My father was the first person in the family to go to college; I was the first to go to graduate school. While my grandparents were proud of my father’s achievement, they were totally baffled by mine. Tony and Desolina Vescovi, Italians who’d immigrated to New York in 1930, had had to quit school after fourth grade to work on their farms. They’d always thought that college was as high as a human could go.

            Desolina, said, “You mean you went to college for four years and now you can go higher?” 

            “That’s right,” I replied.                                                        

            “What more can you learn after four years?” she asked, eyeing me skeptically. 

            What was I going to tell her? That I was going to deconstruct Shakespeare’s plays?

            “Desolina, what’s the matter with you?!” my grandfather shouted from the couch, where he’d just awoken from his post-lunch snooze.  “Jimmy is going to extra college! Capito? Extra college!” 

             And so my graduate work at Columbia University was always referred to as “extra college.”

            “God bless America!” Tony added.

            Tony and Desolina attended my commencement with great pride.  At one point, I turned around from the graduate section to look for them. My father was talking to Desolina, wildly gesturing with his hands. As he spoke, his movements got more emphatic.
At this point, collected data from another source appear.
(* Let $n\geq 2$ and let $C$ be a $2$-null completely regular code in $G_n$ with covering radius $\rho\geq 2$ and parameter matrix $[a_0,b_0|c_1,a_1,b_1|\ldots|c_\rho,a_\rho]$, such that $\mathbf{0}\in C$. Then every word of type $1100$ that lies in $C_2$ is adjacent to exactly $c_2-2$ words of weight three that lie in $C_1$.
   Context: $G_n$ is the graph with vertex set $\mathbb{Z}^n$ in which $x,y$ are adjacent iff $\sum_{i=1}^n|x_i-y_i|=1$; $d$ is its graph distance, and the weight of $x$ is $d(x,\mathbf{0})=\sum_i|x_i|$, where $\mathbf{0}$ is the all-zero word. For a vertex set $C$ (a code), $\rho=\max_v d(v,C)$ is its covering radius and $C_i=\{v: d(v,C)=i\}$, so $C_0=C$. $C$ is a completely regular code (CRC) if for all $i,j\in\{0,\ldots,\rho\}$ there is a number $\alpha_{ij}$ such that every vertex of $C_i$ has exactly $\alpha_{ij}$ neighbours in $C_j$, and $\alpha_{ij}=0$ whenever $|i-j|>1$. Writing $a_i=\alpha_{ii}$, $b_i=\alpha_{i,i+1}$, $c_i=\alpha_{i,i-1}$, the parameter matrix is written $[a_0,b_0|c_1,a_1,b_1|\ldots|c_\rho,a_\rho]$. A CRC is $r$-null if $a_0=\cdots=a_{r-1}=0$. The type of a word of weight at most four is the sequence of its four largest absolute values of entries, in nonincreasing order (padded by zeros); e.g. type $1100$ means exactly two entries equal $\pm1$ and all others $0$. *)

theory Defs
  imports Main
begin

text \<open>Vertices of G_n are words x : 'n \<Rightarrow> int, where 'n is a finite index type
  with n = CARD('n) coordinates (so the vertex set is Z^n).\<close>

definition gadj :: "('n::finite \<Rightarrow> int) \<Rightarrow> ('n \<Rightarrow> int) \<Rightarrow> bool" where
  "gadj x y \<longleftrightarrow> (\<Sum>i\<in>UNIV. \<bar>x i - y i\<bar>) = 1"

definition gdist :: "('n::finite \<Rightarrow> int) \<Rightarrow> ('n \<Rightarrow> int) \<Rightarrow> nat" where
  "gdist x y = (LEAST k. (gadj ^^ k) x y)"

definition weight :: "('n::finite \<Rightarrow> int) \<Rightarrow> nat" where
  "weight x = gdist x (\<lambda>_. 0)"

definition dcode :: "('n::finite \<Rightarrow> int) set \<Rightarrow> ('n \<Rightarrow> int) \<Rightarrow> nat" where
  "dcode C v = Inf (gdist v ` C)"

definition layer :: "('n::finite \<Rightarrow> int) set \<Rightarrow> nat \<Rightarrow> ('n \<Rightarrow> int) set" where
  "layer C i = {v. dcode C v = i}"

definition covering_radius_is :: "('n::finite \<Rightarrow> int) set \<Rightarrow> nat \<Rightarrow> bool" where
  "covering_radius_is C \<rho> \<longleftrightarrow> (\<forall>v. dcode C v \<le> \<rho>) \<and> (\<exists>v. dcode C v = \<rho>)"

definition nbrs_in :: "('n::finite \<Rightarrow> int) \<Rightarrow> ('n \<Rightarrow> int) set \<Rightarrow> nat" where
  "nbrs_in v S = card {w. gadj v w \<and> w \<in> S}"

text \<open>C is a completely regular code with covering radius \<rho> and numbers \<alpha> i j
  (so a_i = \<alpha> i i, b_i = \<alpha> i (i+1), c_i = \<alpha> i (i-1)).\<close>
definition CRC_with :: "('n::finite \<Rightarrow> int) set \<Rightarrow> nat \<Rightarrow> (nat \<Rightarrow> nat \<Rightarrow> nat) \<Rightarrow> bool" where
  "CRC_with C \<rho> \<alpha> \<longleftrightarrow> C \<noteq> {} \<and> covering_radius_is C \<rho> \<and>
     (\<forall>i\<le>\<rho>. \<forall>j\<le>\<rho>. (\<forall>v\<in>layer C i. nbrs_in v (layer C j) = \<alpha> i j) \<and>
        (1 < \<bar>int i - int j\<bar> \<longrightarrow> \<alpha> i j = 0))"

definition r_null :: "nat \<Rightarrow> (nat \<Rightarrow> nat \<Rightarrow> nat) \<Rightarrow> bool" where
  "r_null r \<alpha> \<longleftrightarrow> (\<forall>i<r. \<alpha> i i = 0)"

definition type1100 :: "('n::finite \<Rightarrow> int) \<Rightarrow> bool" where
  "type1100 x \<longleftrightarrow> card {i. \<bar>x i\<bar> = 1} = 2 \<and> (\<forall>i. \<bar>x i\<bar> = 1 \<or> x i = 0)"

end

theory Submission
  imports Defs
begin

text \<open>The graph distance of \<open>G_n\<close> is the \<open>\<ell>\<^sub>1\<close> distance, and adjacent words differ
  by \<open>\<plusminus>1\<close> in exactly one coordinate. So a neighbour of a word \<open>x\<close> of weight two has
  weight one or three, and those of weight one arise by zeroing one of the two nonzero entries
  of \<open>x\<close>. If \<open>x \<in> C\<^sub>2\<close>, both of them lie in \<open>C\<^sub>1\<close>: they are at distance one from
  \<open>\<zero> \<in> C\<close>, and not in \<open>C\<close> since \<open>C\<^sub>2\<close> has no neighbours in \<open>C\<^sub>0\<close>. The other
  \<open>c\<^sub>2 - 2\<close> neighbours of \<open>x\<close> in \<open>C\<^sub>1\<close> therefore have weight three.\<close>

definition l1_dist :: "('n::finite \<Rightarrow> int) \<Rightarrow> ('n \<Rightarrow> int) \<Rightarrow> int" where
  "l1_dist x y = (\<Sum>i\<in>UNIV. \<bar>x i - y i\<bar>)"

lemma l1_dist_nonneg: "0 \<le> l1_dist x y"
  unfolding l1_dist_def by (simp add: sum_nonneg)

lemma l1_dist_triangle: "l1_dist x z \<le> l1_dist x y + l1_dist y z"
  unfolding l1_dist_def sum.distrib[symmetric] by (rule sum_mono) linarith

lemma l1_dist_eq_0_iff: "l1_dist x y = 0 \<longleftrightarrow> x = y"
  unfolding l1_dist_def by (subst sum_nonneg_eq_0_iff) (auto simp: fun_eq_iff)
lemma exists_lepoll_least:
  fixes P :: "'a set \<Rightarrow> bool"
  assumes "P A"
  shows "\<exists>B. P B \<and> (\<forall>C. P C \<longrightarrow> B \<lesssim> C)"
proof -
  define Q where "Q = {card_of B | B. P B}"
  have "card_of A \<in> Q" using assms by (auto simp: Q_def)
  then obtain r where "r \<in> Q" and least: "\<And>r'. (r', r) \<in> ordLess \<Longrightarrow> r' \<notin> Q"
    using wfE_min[OF wf_ordLess] by metis
  then obtain B where B: "P B" "r = card_of B" by (auto simp: Q_def)
  have "B \<lesssim> C" if "P C" for C
  proof -
    have "(card_of C, card_of B) \<notin> ordLess" using least that B(2) by (auto simp: Q_def)
    then have "(card_of B, card_of C) \<in> ordLeq"
      using not_ordLess_iff_ordLeq[OF card_of_Well_order card_of_Well_order] by blast
    then show ?thesis unfolding lepoll_def using card_of_ordLeq by blast
  qed
  with B(1) show ?thesis by blast
qed

theorem proposition2p4:
  shows "(\<forall>I. max_independent I \<longrightarrow>
            (\<exists>J. max_independent J \<and> J \<approx> I \<and> \<not> densely_maximal J))
       \<and> (\<exists>J. max_independent J \<and> \<not> densely_maximal J \<and>
            (\<forall>I. max_independent I \<longrightarrow> J \<lesssim> I))"
proof -
  have witness: "max_independent (triplicate_family I) \<and> triplicate_family I \<approx> I
      \<and> \<not> densely_maximal (triplicate_family I)" if "max_independent I" for I
  proof (intro conjI)
    show "max_independent (triplicate_family I)"
      using that by (rule max_independent_triplicate_family)
    show "triplicate_family I \<approx> I"
      using that by (intro eqpoll_triplicate_family max_independent_infinite)
    show "\<not> densely_maximal (triplicate_family I)"
      using that by (intro not_densely_maximal_triplicate_family) (simp add: max_independent_def)
  qed
  obtain I0 where I0: "max_independent I0" "\<forall>I. max_independent I \<longrightarrow> I0 \<lesssim> I"
    using exists_max_independent exists_lepoll_least by metis
  then have "\<forall>I. max_independent I \<longrightarrow> triplicate_family I0 \<lesssim> I"
    using witness[OF I0(1)] lepoll_trans1 by blast
  then show ?thesis using witness I0(1) by blast
qed
(* Write p = I \<inter> R.  The inclusion p^t \<subseteq> (I^t) \<inter> R is trivial.  For the other one,
   p is radical, so by Noetherianity it is a finite intersection of primes; if p \<noteq> 0
   these primes are nonzero and hence maximal, as dim R = 1.  For each such maximal
   ideal m there is b \<notin> p with b m \<subseteq> p (prime avoidance via comaximality), and from
   this one builds a monic polynomial f of positive degree with I \<subseteq> m[X] + (f).
   Then I^t \<subseteq> m^t[X] + (f), and a constant lying in m^t[X] + (f) lies in m^t.
   Hence (I^t) \<inter> R \<subseteq> \<Inter> m^t, which equals (\<Inter> m)^t = p^t because distinct
   maximal ideals are comaximal.  The case p = 0 is immediate. *)

lemma ideal_gen_ideal: "is_ideal (ideal_gen S)"
  unfolding ideal_gen_def is_ideal_def by auto

lemma ideal_gen_sub: "S \<subseteq> ideal_gen S"
  unfolding ideal_gen_def by auto

lemma ideal_gen_least: "is_ideal J \<Longrightarrow> S \<subseteq> J \<Longrightarrow> ideal_gen S \<subseteq> J"
  unfolding ideal_gen_def by auto

lemma is_ideal_UNIV: "is_ideal UNIV"
  unfolding is_ideal_def by auto

lemma ideal_0: "is_ideal I \<Longrightarrow> 0 \<in> I"
  unfolding is_ideal_def by auto

lemma ideal_add: "is_ideal I \<Longrightarrow> x \<in> I \<Longrightarrow> y \<in> I \<Longrightarrow> x + y \<in> I"
  unfolding is_ideal_def by auto

lemma ideal_multL: "is_ideal I \<Longrightarrow> x \<in> I \<Longrightarrow> r * x \<in> I"
  unfolding is_ideal_def by auto

lemma ideal_multR: "is_ideal I \<Longrightarrow> x \<in> I \<Longrightarrow> x * r \<in> I"
  using ideal_multL[of I x r] by (simp add: mult.commute)

lemma ideal_neg: "is_ideal I \<Longrightarrow> x \<in> I \<Longrightarrow> - x \<in> I"
  using ideal_multL[of I x "-1"] by simp

lemma ideal_diff: "is_ideal I \<Longrightarrow> x \<in> I \<Longrightarrow> y \<in> I \<Longrightarrow> x - y \<in> I"
  using ideal_add[of I x "-y"] ideal_neg[of I y] by simp

lemma ideal_sum:
  assumes "is_ideal I" "finite A" "\<And>i. i \<in> A \<Longrightarrow> f i \<in> I"
  shows "sum f A \<in> I"
  using assms(2,3)
  by (induction A rule: finite_induct) (auto intro: ideal_0[OF assms(1)] ideal_add[OF assms(1)])

lemma ideal_one: "is_ideal I \<Longrightarrow> 1 \<in> I \<Longrightarrow> I = UNIV"
  using ideal_multL[of I 1] by force

lemma ideal_Inter: "(\<And>J. J \<in> F \<Longrightarrow> is_ideal J) \<Longrightarrow> is_ideal (\<Inter>F)"
  unfolding is_ideal_def by auto

definition ideal_plus :: "'a::comm_ring_1 set \<Rightarrow> 'a set \<Rightarrow> 'a set" where
  "ideal_plus I J = {x + y | x y. x \<in> I \<and> y \<in> J}"

definition principal_ideal :: "'a::comm_ring_1 \<Rightarrow> 'a set" where
  "principal_ideal a = range (\<lambda>r. r * a)"

lemma ideal_plusI: "x \<in> I \<Longrightarrow> y \<in> J \<Longrightarrow> x + y \<in> ideal_plus I J"
  unfolding ideal_plus_def by blast

lemma ideal_plusE:
  assumes "z \<in> ideal_plus I J"
  obtains x y where "z = x + y" "x \<in> I" "y \<in> J"
  using assms unfolding ideal_plus_def by blast

lemma ideal_plus_ideal:
  assumes I: "is_ideal I" and J: "is_ideal J"
  shows "is_ideal (ideal_plus I J)"
  unfolding is_ideal_def
proof (intro conjI ballI allI impI)
  show "0 \<in> ideal_plus I J" using ideal_plusI[OF ideal_0[OF I] ideal_0[OF J]] by simp
next
  fix z w assume z: "z \<in> ideal_plus I J" and w: "w \<in> ideal_plus I J"
  obtain x y where "z = x + y" "x \<in> I" "y \<in> J" using z by (rule ideal_plusE)
  moreover obtain x' y' where "w = x' + y'" "x' \<in> I" "y' \<in> J" using w by (rule ideal_plusE)
  ultimately show "z + w \<in> ideal_plus I J"
    using ideal_plusI[OF ideal_add[OF I] ideal_add[OF J], of x x' y y'] by (simp add: algebra_simps)
next
  fix r z assume "z \<in> ideal_plus I J"
  then obtain x y where "z = x + y" "x \<in> I" "y \<in> J" by (rule ideal_plusE)
  then show "r * z \<in> ideal_plus I J"
    using ideal_plusI[OF ideal_multL[OF I] ideal_multL[OF J], of x y r r] by (simp add: distrib_left)
qed

lemma ideal_plus_left: "is_ideal J \<Longrightarrow> I \<subseteq> ideal_plus I J"
  using ideal_plusI[of _ I 0 J] ideal_0[of J] by fastforce

lemma ideal_plus_right: "is_ideal I \<Longrightarrow> J \<subseteq> ideal_plus I J"
  using ideal_plusI[of 0 I _ J] ideal_0[of I] by fastforce

lemma is_ideal_principal: "is_ideal (principal_ideal a)"
  unfolding is_ideal_def principal_ideal_def
proof (intro conjI ballI allI impI)
  show "0 \<in> range (\<lambda>r. r * a)" using rangeI[of "\<lambda>r. r * a" 0] by simp
next
  fix x y assume "x \<in> range (\<lambda>r. r * a)" "y \<in> range (\<lambda>r. r * a)"
  then obtain r s where "x = r * a" "y = s * a" by blast
  then have "x + y = (r + s) * a" by (simp add: distrib_right)
  then show "x + y \<in> range (\<lambda>r. r * a)" by blast
next
  fix s x assume "x \<in> range (\<lambda>r. r * a)"
  then obtain r where "x = r * a" by blast
  then have "s * x = (s * r) * a" by (simp add: mult.assoc)
  then show "s * x \<in> range (\<lambda>r. r * a)" by blast
qed

lemma plus_principalI: "m \<in> M \<Longrightarrow> m + r * a \<in> ideal_plus M (principal_ideal a)"
  unfolding principal_ideal_def by (rule ideal_plusI) auto

lemma plus_principalE:
  assumes "z \<in> ideal_plus M (principal_ideal a)"
  obtains m r where "z = m + r * a" "m \<in> M"
  using assms unfolding principal_ideal_def by (auto elim!: ideal_plusE)

lemma plus_principal_strict:
  assumes M: "is_ideal M" and x: "x \<notin> M"
  shows "M \<subset> ideal_plus M (principal_ideal x)"
proof -
  have "0 + 1 * x \<in> ideal_plus M (principal_ideal x)" by (rule plus_principalI[OF ideal_0[OF M]])
  then show ?thesis using ideal_plus_left[OF is_ideal_principal, of M x] x by auto
qed

lemma ideal_pow_ideal: "is_ideal (ideal_pow I n)"
  by (cases n) (simp_all only: ideal_pow.simps ideal_mult_def ideal_gen_ideal is_ideal_UNIV)

lemma ideal_pow_gen:
  assumes "x \<in> ideal_pow I n" "y \<in> I"
  shows "x * y \<in> ideal_pow I (Suc n)"
  unfolding ideal_pow.simps ideal_mult_def using assms by (blast intro: subsetD[OF ideal_gen_sub])

lemma ideal_pow_Suc_least:
  assumes J: "is_ideal J" and prod: "\<And>x y. x \<in> ideal_pow I n \<Longrightarrow> y \<in> I \<Longrightarrow> x * y \<in> J"
  shows "ideal_pow I (Suc n) \<subseteq> J"
  unfolding ideal_pow.simps ideal_mult_def
  by (rule ideal_gen_least[OF J]) (auto intro: prod)

lemma ideal_pow_le:
  assumes I: "is_ideal I" and n: "1 \<le> n"
  shows "ideal_pow I n \<subseteq> I"
proof -
  obtain k where "n = Suc k" using n by (cases n) auto
  then show ?thesis by (simp only:) (rule ideal_pow_Suc_least[OF I ideal_multL[OF I]])
qed
lemma pochhammer_over_fact_asymptotic:
  fixes z :: real
  shows "(\<lambda>n. pochhammer z n / fact n * real n powr (1 - z)) \<longlonglongrightarrow> rGamma z"
proof -
  have "(\<lambda>n. rGamma_series z n * (real n / (z + real n))) \<longlonglongrightarrow> rGamma z * 1"
    by (intro tendsto_intros LIMSEQ_of_nat_over_plus_const)
  moreover have "eventually (\<lambda>n. rGamma_series z n * (real n / (z + real n))
      = pochhammer z n / fact n * real n powr (1 - z)) sequentially"
    using eventually_gt_at_top[of "nat \<lceil>\<bar>z\<bar>\<rceil>"]
  proof eventually_elim
    case (elim n)
    then have "real n > \<bar>z\<bar>"
      by linarith
    then have "z + real n > 0" "real n > 0"
      by linarith+
    moreover have "exp (z * ln (real n)) = real n powr z"
      using \<open>real n > 0\<close> by (simp add: powr_def)
    then have "rGamma_series z n = pochhammer z n * (z + real n) / (fact n * real n powr z)"
      by (simp add: rGamma_series_def pochhammer_Suc)
    ultimately show ?case
      by (simp add: powr_diff)
  qed
  ultimately show ?thesis
    by (simp add: tendsto_cong)
qed

lemma Gamma_minus_three_halves: "Gamma (- (3/2) :: real) = 4/3 * sqrt pi"
proof -
  have "Gamma (1/2 :: real) = (-1/2) * ((-3/2) * Gamma (-3/2))"
    using Gamma_plus1[of "-1/2 :: real"] Gamma_plus1[of "-3/2 :: real"]
    by (simp add: not_in_Ints_imp_not_in_nonpos_Ints)
  then show ?thesis
    by (simp add: Gamma_one_half_real)
qed

lemma pochhammer_5: "pochhammer (z::'a::comm_semiring_1) 5 = z * (z + 1) * (z + 2) * (z + 3) * (z + 4)"
  by (simp add: pochhammer_Suc numeral_eq_Suc algebra_simps)

lemma pochhammer_over_pochhammer_plus_1:
  fixes a :: real
  assumes "a > 0"
  shows "pochhammer a n / pochhammer (a + 1) n = a / (a + real n)"
proof -
  have "pochhammer a n * (a + real n) = a * pochhammer (a + 1) n"
    using pochhammer_Suc[of a n] pochhammer_rec[of a n] by simp
  moreover have "pochhammer (a + 1) n > 0" "a + real n > 0"
    using assms by (simp_all add: pochhammer_pos)
  ultimately show ?thesis
    by (simp add: field_simps)
qed

lemma summable_abs_mult_bounded:
  fixes a f :: "nat \<Rightarrow> real"
  assumes "summable (\<lambda>n. \<bar>a n\<bar>)" and "\<And>n. \<bar>f n\<bar> \<le> 1"
  shows "summable (\<lambda>n. \<bar>a n * f n\<bar>)"
  by (rule summable_comparison_test'[OF assms(1), of 0])
     (simp add: abs_mult mult_left_le assms(2))

lemma has_sum_vanishing_beyond:
  fixes f :: "nat \<Rightarrow> 'a::{comm_monoid_add, topological_space}"
  assumes "\<And>n. n \<ge> N \<Longrightarrow> f n = 0"
  shows "(f has_sum (\<Sum>n<N. f n)) UNIV"
proof -
  have "(f has_sum (\<Sum>n<N. f n)) UNIV \<longleftrightarrow> (f has_sum (\<Sum>n<N. f n)) {..<N}"
    by (rule has_sum_cong_neutral) (use assms in auto)
  then show ?thesis
    by simp
qed

lemma infsum_eq_suminf:
  fixes f :: "nat \<Rightarrow> 'a::banach"
  assumes "summable (\<lambda>n. norm (f n))"
  shows "infsum f UNIV = suminf f"
  using norm_summable_imp_has_sum[OF assms summable_sums[OF summable_norm_cancel[OF assms]]]
  by (rule infsumI)

lemma sum_odd_lessThan: "(\<Sum>n<Suc k. 2 * real n + 1) = (real k + 1) ^ 2"
  by (induction k) (simp_all add: power2_eq_square algebra_simps)

section \<open>Pochhammer quotients\<close>

definition poch_quot :: "nat \<Rightarrow> real \<Rightarrow> real" where
  "poch_quot n x = pochhammer (-x) n / pochhammer (2 + x) n"

lemma pochhammer_two_plus_pos: "x > -1 \<Longrightarrow> pochhammer (2 + x) n > (0::real)"
  by (rule pochhammer_pos) simp

lemma poch_quot_0 [simp]: "poch_quot 0 x = 1"
  by (simp add: poch_quot_def)

lemma poch_quot_Suc:
  "x > -1 \<Longrightarrow> poch_quot (Suc n) x = poch_quot n x * (real n - x) / (real n + 2 + x)"
  using pochhammer_two_plus_pos[of x n] by (simp add: poch_quot_def pochhammer_Suc field_simps)

lemma abs_poch_quot_le_1:
  assumes "x > -1"
  shows "\<bar>poch_quot n x\<bar> \<le> 1"
proof (induction n)
  case (Suc n)
  have "\<bar>real n - x\<bar> \<le> real n + 2 + x"
    using assms by linarith
  then have "\<bar>(real n - x) / (real n + 2 + x)\<bar> \<le> 1"
    using assms by (simp add: abs_divide divide_le_eq_1)
  with Suc.IH have "\<bar>poch_quot n x\<bar> * \<bar>(real n - x) / (real n + 2 + x)\<bar> \<le> 1 * 1"
    by (intro mult_mono) simp_all
  then show ?case
    using poch_quot_Suc[OF assms, of n] by (simp add: abs_mult)
qed simp

lemma poch_quot_of_nat_eq_0: "m < n \<Longrightarrow> poch_quot n (real m) = 0"
  by (simp add: poch_quot_def pochhammer_of_nat_eq_0_lemma)

lemma poch_quot_of_nat_self_ne_0: "poch_quot n (real n) \<noteq> 0"
  using pochhammer_two_plus_pos[of "real n" n] by (auto simp: poch_quot_def pochhammer_eq_0_iff)

lemma poch_quot_Suc_shift:
  assumes "x > -1"
  shows "poch_quot (Suc m) (x + 1) =
    - (x + 1) * (x + 2) * poch_quot m x / ((real m + 2 + x) * (real m + 3 + x))"
proof -
  have num: "pochhammer (- (x + 1)) (Suc m) = - (x + 1) * pochhammer (- x) m"
    by (simp add: pochhammer_rec)
  have den: "pochhammer (2 + (x + 1)) (Suc m) = pochhammer (3 + x) m * (real m + 3 + x)"
    by (simp add: pochhammer_Suc add_ac)
  have "(2 + x) * pochhammer (3 + x) m = pochhammer (2 + x) m * (real m + 2 + x)"
    using pochhammer_rec[of "2 + x" m] pochhammer_Suc[of "2 + x" m] by (simp add: add_ac)
  then have shift: "pochhammer (3 + x) m = pochhammer (2 + x) m * (real m + 2 + x) / (2 + x)"
    using assms by (simp add: field_simps)
  show ?thesis
    using assms pochhammer_two_plus_pos[OF assms, of m]
    unfolding poch_quot_def num den shift by (simp add: field_simps)
qed

lemma poch_quot_product_step:
  assumes x: "x > -1" and y: "y > -1"
  shows "(real n + 1 + y) * (real n + 1 + x) * poch_quot n y * poch_quot n x
       - (real n + 2 + y) * (real n + 2 + x) * poch_quot (Suc n) y * poch_quot (Suc n) x
       = (2 * real n + 1) * (x + y + 1) * poch_quot n y * poch_quot n x"
proof -
  have "real n + 2 + x \<noteq> 0" "real n + 2 + y \<noteq> 0"
    using x y by linarith+
  then have "(real n + 2 + y) * (real n + 2 + x) * poch_quot (Suc n) y * poch_quot (Suc n) x
      = (real n - y) * (real n - x) * poch_quot n y * poch_quot n x"
    unfolding poch_quot_Suc[OF x] poch_quot_Suc[OF y] by simp
  then show ?thesis
    by (simp add: algebra_simps)
qed
(* Let $\mathbb{T}\subseteq\mathbb{R}$ be a nonempty closed set that is bounded above or bounded below. Then there is no càdlàg $\mathbb{T}$-valued process $(\xi_t)_{t\ge0}$ with deterministic initial value $\xi_0=x\in\mathbb{T}$ satisfying all three conditions (I'), (II) and (III).
   Context: Conditions on a $\mathbb{T}$-valued càdlàg process $(\xi_t)_{t\ge0}$: (I') for all $x<y<z$ in $\mathbb{T}$ and $0\le r<t$, if $(\xi_r,\xi_t)=(x,z)$ or $(\xi_r,\xi_t)=(z,x)$ then $\xi_s=y$ for some $s\in[r,t]$; (II) $(\xi_t)$ is a martingale; (III) $(\xi_t^2-t)$ is a martingale. *)

theory Defs
  imports "HOL-Probability.Probability"
begin

definition cadlag :: "(real \<Rightarrow> real) \<Rightarrow> bool" where
  "cadlag f \<longleftrightarrow> (\<forall>t\<ge>0. continuous (at_right t) f) \<and>
                 (\<forall>t>0. \<exists>l. (f \<longlongrightarrow> l) (at_left t))"

definition filtration_on :: "'a measure \<Rightarrow> (real \<Rightarrow> 'a measure) \<Rightarrow> bool" where
  "filtration_on M F \<longleftrightarrow> (\<forall>t\<ge>0. subalgebra M (F t)) \<and>
     (\<forall>s t. 0 \<le> s \<and> s \<le> t \<longrightarrow> sets (F s) \<subseteq> sets (F t))"

definition martingale :: "'a measure \<Rightarrow> (real \<Rightarrow> 'a measure) \<Rightarrow> (real \<Rightarrow> 'a \<Rightarrow> real) \<Rightarrow> bool" where
  "martingale M F X \<longleftrightarrow>
     (\<forall>t\<ge>0. X t \<in> borel_measurable (F t) \<and> integrable M (X t)) \<and>
     (\<forall>s t. 0 \<le> s \<and> s \<le> t \<longrightarrow> (AE \<omega> in M. real_cond_exp M (F s) (X t) \<omega> = X s \<omega>))"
He looked annoyed. 

            Later, in a cab on the way to a restaurant, I asked him what he’d been saying. 

            He sighed. “I was trying to explain the idea of extra college, he replied.”

            A week later, my grandmother, still suspicious by this “extra college” business, asked me what I was now going to do. My plans of going for a Ph.D. had been jettisoned.  In no uncertain terms, my Columbia professors had let it be known that I was not doctoral timber. I had landed a job at a real estate trade magazine. Since that was too confusing to explain, I simply said, “journalista.” That was close enough, I thought. 

            She looked at me with disbelief and said, “You think this is big thing?” 

            I had thought the profession would sound rather impressive to these peasants, but obviously I was mistaken. 

            I had to defend myself. “Well, but a journalista is a very important job....”

            She scoffed at that idea.  She grunted, “Extra college and now you are going to be a journalista?”

            It took about five minutes to realize that Desolina thought I was going work in a newsstand—like one that peddles newspapers, magazines, and Chicklets on 34th Street and Seventh Avenue. 

            No, I am going to write the stories, I explained.  I got a copy of the local Italo-American paper, Il Progresso, and pointed to a by-line.

            “My name will go here,” I said.

            Desolina seemed satisfied, but not entirely.